lemma K_equivalent_insert_edge:
  assumes fin: "finite E" and eE: "e \<in> E" and euv: "e = {u, v}"
    and du: "degree E u \<le> 2" and dv: "degree E v < k"
    and \<alpha>: "proper_coloring E k \<alpha>" and \<beta>: "proper_coloring E k \<beta>"
    and equiv: "K_equivalent (E - {e}) k \<alpha> \<beta>"
  shows "K_equivalent E k \<alpha> \<beta>"
proof -
  obtain \<gamma> where \<gamma>: "(kempe_change (E - {e}) k)\<^sup>*\<^sup>* \<alpha> \<gamma>" "\<forall>f\<in>E - {e}. \<gamma> f = \<beta> f"
    using equiv unfolding K_equivalent_def by blast
  obtain \<delta> where \<delta>: "(kempe_change E k)\<^sup>*\<^sup>* \<alpha> \<delta>" "\<forall>f\<in>E - {e}. \<delta> f = \<beta> f"
    using kempe_changes_lift_delete[OF fin eE euv du dv \<gamma>(1) \<alpha>] \<gamma>(2) by fastforce
  have "(kempe_change E k)\<^sup>*\<^sup>* \<alpha> (\<delta>(e := \<beta> e))"
  proof (cases "\<delta> e = \<beta> e")
    case True
    then show ?thesis using \<delta>(1) by (simp add: fun_upd_idem)
  next
    case False
    have "\<forall>f\<in>E. f \<noteq> e \<and> f \<inter> e \<noteq> {} \<longrightarrow> \<delta> f \<noteq> \<beta> e"
      using \<delta>(2) \<beta> eE by (auto simp: proper_coloring_def)
    moreover have "\<beta> e \<in> {1..k}" using \<beta> eE by (auto simp: proper_coloring_def)
    ultimately have "kempe_change E k \<delta> (\<delta>(e := \<beta> e))"
      using kempe_change_recolor_edge[OF kempe_changes_proper[OF \<delta>(1) \<alpha>] eE] False by auto
    then show ?thesis using \<delta>(1) by simp
  qed
  then show ?thesis unfolding K_equivalent_def using \<delta>(2) by auto
qed

definition is_path :: "'a set set \<Rightarrow> 'a list \<Rightarrow> bool" where
  "is_path E p \<longleftrightarrow> distinct p \<and> (\<forall>i. Suc i < length p \<longrightarrow> {p ! i, p ! Suc i} \<in> E)"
^^^^^^^^^^^^^^^^
*WHAT THIS TASK INVOLVES*
Copy exactly the opening line of the material, the line bearing "obtain \<delta> where", and every line between them. Include nothing else.

*WORKED SOLUTION*
lemma K_equivalent_insert_edge:
  assumes fin: "finite E" and eE: "e \<in> E" and euv: "e = {u, v}"
    and du: "degree E u \<le> 2" and dv: "degree E v < k"
    and \<alpha>: "proper_coloring E k \<alpha>" and \<beta>: "proper_coloring E k \<beta>"
    and equiv: "K_equivalent (E - {e}) k \<alpha> \<beta>"
  shows "K_equivalent E k \<alpha> \<beta>"
proof -
  obtain \<gamma> where \<gamma>: "(kempe_change (E - {e}) k)\<^sup>*\<^sup>* \<alpha> \<gamma>" "\<forall>f\<in>E - {e}. \<gamma> f = \<beta> f"
    using equiv unfolding K_equivalent_def by blast
  obtain \<delta> where \<delta>: "(kempe_change E k)\<^sup>*\<^sup>* \<alpha> \<delta>" "\<forall>f\<in>E - {e}. \<delta> f = \<beta> f"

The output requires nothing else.